17 August 2015
Our Obsession with Electronic Devices
by David Tang, ft.com, 24 April 2015
‘In any vast lift lobby, there would always be an ocean of people moving with bowed heads and arched elbows’
Has the practice of looking at an electronic device as you go about your daily business reached epidemic proportions? Is there a cure?
There is absolutely no cure in sight. Forget the use of these devices at home and in the workplace, where the practice is already rampant, it is also prevalent everywhere else: restaurants, cinemas, concert halls, museums, galleries, parks, pavements and zebra crossings. There is now no stopping urban populations around the world being obsessed with their little electronic machines. It is as if nobody can afford to miss out instantaneously on any message or news, personal or otherwise, urgent or not urgent. All of our fingers are now trained to clench our precious devices which have become extensions to our hands.
I recently carried out a series of experiments in Hong Kong, London and New York in which I entered a lift and counted the number of passengers staring at their devices as they made their short vertical journeys. Not only did I find that it was always more than half of them, I also noticed that most had their eyes already transfixed on their screens as they entered. While waiting for a lift door to open I often made a bet that someone would emerge with their eyes looking ahead rather than into their hands. I never won. In any vast lift lobby, there would always be an ocean of people moving with bowed heads and arched elbows. It is astonishing how quickly the invention of handheld electronic gadgets has brought about a change of vernacular behaviour — I can think of no other instance that has led to a more significant or faster infestation. It resembles a plague.

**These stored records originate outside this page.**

lemma fa_integral_indicator: "fa_integral \<mu> (indicator A) = \<mu> A"
proof -
  have "range (indicator A :: 'a \<Rightarrow> real) \<subseteq> {0, 1}" by (auto simp: indicator_def)
  hence "finite (range (indicator A :: 'a \<Rightarrow> real))" by (rule finite_subset) simp
  thus ?thesis by (simp add: fa_integral_finite_range step_integral_indicator)
qed

lemma fa_integral_add_scaled:
  assumes f: "bounded (range f)" and g: "bounded (range g)"
  shows "fa_integral \<mu> (\<lambda>x. f x + c * g x) = fa_integral \<mu> f + c * fa_integral \<mu> g"
proof -
  have "\<bar>fa_integral \<mu> (\<lambda>x. f x + c * g x) - fa_integral \<mu> f - c * fa_integral \<mu> g\<bar> \<le> (2 + 2 * \<bar>c\<bar>) * inverse (real (Suc n))" for n
  proof -
    define d where "d = inverse (real (Suc n))"
    have d0: "d \<ge> 0" by (simp add: d_def)
    define s t where "s = grid_round n f" and "t = grid_round n g"
    have ss: "finite (range s)" "finite (range t)" using finite_range_grid_round f g by (auto simp: s_def t_def)
    have h1: "\<bar>fa_integral \<mu> (\<lambda>x. f x + c * g x) - step_integral \<mu> (\<lambda>x. s x + c * t x)\<bar> \<le> d + \<bar>c\<bar> * d"
    proof (rule fa_integral_approx[OF bounded_range_add_scaled[OF f g] finite_range_add_scaled[OF ss]])
      fix x
      have "\<bar>f x + c * g x - (s x + c * t x)\<bar> \<le> \<bar>f x - s x\<bar> + \<bar>c\<bar> * \<bar>g x - t x\<bar>"
        by (metis (no_types) abs_mult abs_triangle_ineq add_diff_add right_diff_distrib)
      also have "\<dots> \<le> d + \<bar>c\<bar> * d"
        using grid_round_close[of f x n] grid_round_close[of g x n]
        by (intro add_mono mult_left_mono) (auto simp: s_def t_def d_def)
      finally show "\<bar>f x + c * g x - (s x + c * t x)\<bar> \<le> d + \<bar>c\<bar> * d" .
    qed
    have h2: "\<bar>fa_integral \<mu> f - step_integral \<mu> s\<bar> \<le> d"
      by (rule fa_integral_approx[OF f ss(1)]) (use grid_round_close in \<open>auto simp: s_def d_def\<close>)
    have h3: "\<bar>fa_integral \<mu> g - step_integral \<mu> t\<bar> \<le> d"
      by (rule fa_integral_approx[OF g ss(2)]) (use grid_round_close in \<open>auto simp: t_def d_def\<close>)
    have h3': "\<bar>c * fa_integral \<mu> g - c * step_integral \<mu> t\<bar> \<le> \<bar>c\<bar> * d"
      using h3 by (metis abs_mult abs_ge_zero mult_left_mono right_diff_distrib)
    have e: "step_integral \<mu> (\<lambda>x. s x + c * t x) = step_integral \<mu> s + c * step_integral \<mu> t" by (rule step_integral_add_scaled[OF ss])
    have "\<bar>fa_integral \<mu> (\<lambda>x. f x + c * g x) - fa_integral \<mu> f - c * fa_integral \<mu> g\<bar> \<le> d + \<bar>c\<bar> * d + d + \<bar>c\<bar> * d"
      using h1 h2 h3' e by linarith
    thus ?thesis by (simp add: d_def algebra_simps)
  qed
  from eq_0_if_abs_le_inverse_Suc[OF this] show ?thesis by simp
qed

lemma fa_integral_nonneg:
  assumes f: "bounded (range f)" and nn: "\<And>x. f x \<ge> 0"
  shows "fa_integral \<mu> f \<ge> 0"
proof -
  have "step_integral \<mu> (\<lambda>_. 0) \<le> step_integral \<mu> (grid_round n f)" for n
    by (rule step_integral_mono[OF finite_range_const finite_range_grid_round[OF f]]) (simp add: grid_round_nonneg nn)
  hence "0 \<le> step_integral \<mu> (grid_round n f)" for n by (simp add: step_integral_const)
  thus ?thesis by (intro LIMSEQ_le_const[OF fa_integral_LIMSEQ[OF f]]) auto
qed

lemma fa_cintegral_add_scaled:
  assumes f: "f \<in> linf" and g: "g \<in> linf"
  shows "fa_cintegral \<mu> (\<lambda>x. f x + c * g x) = fa_cintegral \<mu> f + c * fa_cintegral \<mu> g"
proof -
  note Re_f = bounded_range_Re[OF f] and Re_g = bounded_range_Re[OF g]
    and Im_f = bounded_range_Im[OF f] and Im_g = bounded_range_Im[OF g]
  have re: "(\<lambda>x. Re (f x + c * g x)) = (\<lambda>x. (Re (f x) + Re c * Re (g x)) + (- Im c) * Im (g x))"
    by (auto simp: fun_eq_iff)
  have r: "fa_integral \<mu> (\<lambda>x. Re (f x + c * g x)) = fa_integral \<mu> (\<lambda>x. Re (f x))
      + Re c * fa_integral \<mu> (\<lambda>x. Re (g x)) - Im c * fa_integral \<mu> (\<lambda>x. Im (g x))"
    unfolding re fa_integral_add_scaled[OF bounded_range_add_scaled[OF Re_f Re_g] Im_g]
      fa_integral_add_scaled[OF Re_f Re_g] by simp
  have im: "(\<lambda>x. Im (f x + c * g x)) = (\<lambda>x. (Im (f x) + Re c * Im (g x)) + Im c * Re (g x))"
    by (auto simp: fun_eq_iff algebra_simps)
  have i: "fa_integral \<mu> (\<lambda>x. Im (f x + c * g x)) = fa_integral \<mu> (\<lambda>x. Im (f x))
      + Re c * fa_integral \<mu> (\<lambda>x. Im (g x)) + Im c * fa_integral \<mu> (\<lambda>x. Re (g x))"
    unfolding im fa_integral_add_scaled[OF bounded_range_add_scaled[OF Im_f Im_g] Re_g]
      fa_integral_add_scaled[OF Im_f Im_g] by simp
  show ?thesis unfolding fa_cintegral_def complex_eq_iff using r i by (simp add: algebra_simps)
qed

lemma linf_state_fa_cintegral: "linf_state (fa_cintegral \<mu>)"
  unfolding linf_state_def
proof (intro conjI ballI allI impI)
  show "fa_cintegral \<mu> (\<lambda>x. f x + c * g x) = fa_cintegral \<mu> f + c * fa_cintegral \<mu> g" if "f \<in> linf" "g \<in> linf" for f g c
    by (rule fa_cintegral_add_scaled[OF that])
  show "cnonneg (fa_cintegral \<mu> f)" if "f \<in> linf" "\<forall>x. cnonneg (f x)" for f
  proof -
    have "(\<lambda>x. Im (f x)) = (\<lambda>_. 0)" using that(2) by (auto simp: cnonneg_def)
    hence "fa_integral \<mu> (\<lambda>x. Im (f x)) = 0" by (simp add: fa_integral_const)
    moreover have "fa_integral \<mu> (\<lambda>x. Re (f x)) \<ge> 0"
      using that by (intro fa_integral_nonneg bounded_range_Re) (auto simp: cnonneg_def)
    ultimately show ?thesis by (simp add: fa_cintegral_def cnonneg_def)
  qed
  show "fa_cintegral \<mu> (\<lambda>_. 1) = 1" by (simp add: fa_cintegral_def fa_integral_const complex_eq_iff)
qed

lemma fa_integral_finite_support:
  assumes sing: "\<forall>x. \<mu> {x} = 0" and fin: "finite {x. h x \<noteq> 0}"
  shows "fa_integral \<mu> h = 0"
proof -
  have "range h \<subseteq> insert 0 (h ` {x. h x \<noteq> 0})" by auto
  moreover have "finite (insert 0 (h ` {x. h x \<noteq> 0}))" using fin by simp
  ultimately have sh: "finite (range h)" by (rule finite_subset)
  have "step_integral \<mu> h = 0" unfolding step_integral_def
  proof (rule sum.neutral, rule ballI)
    fix v assume "v \<in> range h"
    show "v * \<mu> (h -` {v}) = 0"
    proof (cases "v = 0")
      case False
      hence "h -` {v} \<subseteq> {x. h x \<noteq> 0}" by auto
      hence "finite (h -` {v})" using fin by (rule finite_subset)
      thus ?thesis using measure_finite_null[OF sing] by simp
    qed simp
  qed
  thus ?thesis using fa_integral_finite_range[OF sh] by simp
qed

In China, the government has labelled anyone using the internet for more than six hours a day as suffering from a clinical disorder. To combat this “electronic heroin”, there are now a plethora of camps and rehab centres specifically set up to “cure” the estimated 20m teenagers who have become “addicts”. This is the frightening angle of a future that we now take for granted. Is there an easier and less sinister way in which we can re-educate everyone on the danger of this epidemic? Is there an amusing way in which we can teach people to wean themselves off this unhealthy habit? It all looks fairly innocent at present because everybody does it and it is socially encouraged, especially among young people. Do we need to worry about them, or will they be much smarter than us old fogeys? And yet our daily lives seem to be heading towards a zombie zone. How does one cure nascent zombies?
Is it rude to give a T-shirt with a Velázquez painting printed on the front to a friend who is a lover of art? Of course, it is partly meant as a joke, but it actually looks quite nice. Would my friend think I was making fun of him, or would it be within the parameters of humour and beauty?
To give someone a T-shirt printed with a famous icon is not rude but dull and clichéd. It is as if somebody devoid of imagination has sauntered through a boring museum shop and, having found a few T-shirts with famous images, thought “That’ll do” and settled for a couple as presents. “No, thank you,” is my immediate reaction. But if I were to be tortured to accept a T-shirt with an image, I would choose a painting by Rothko. Those who are ignorant would just think it was a couple of blotches of paint in vermilion and magenta, whereas the cognoscenti would recognise the subtle sophistication and meaning of such an image. It would certainly be much more chic than a figurative Velázquez. Mind you, for dwarfs, I suggest a figure by El Greco, which would offer an optical elongation.
Sometimes, T-shirts with words can be amusing, although the funniest ones are usually rude. As a stylish alternative, one could print a poem, or part of one, but upside down so that the wearer could keep looking down at it and learn it by heart.
On mine I would, perhaps, print Chaucer’s great opening lines in The Canterbury Tales about spring, the time when T-shirts can start to be worn: “Whan that Aprill, with his shoures soote/ The droghte of March hath perced to the roote/And bathed every veyne in swich licour/ Of which vertu engendered is the flour.” It might appear a little pretentious, I admit, but it also makes a statement that the most casual garment can be turned simply into blissful erudition.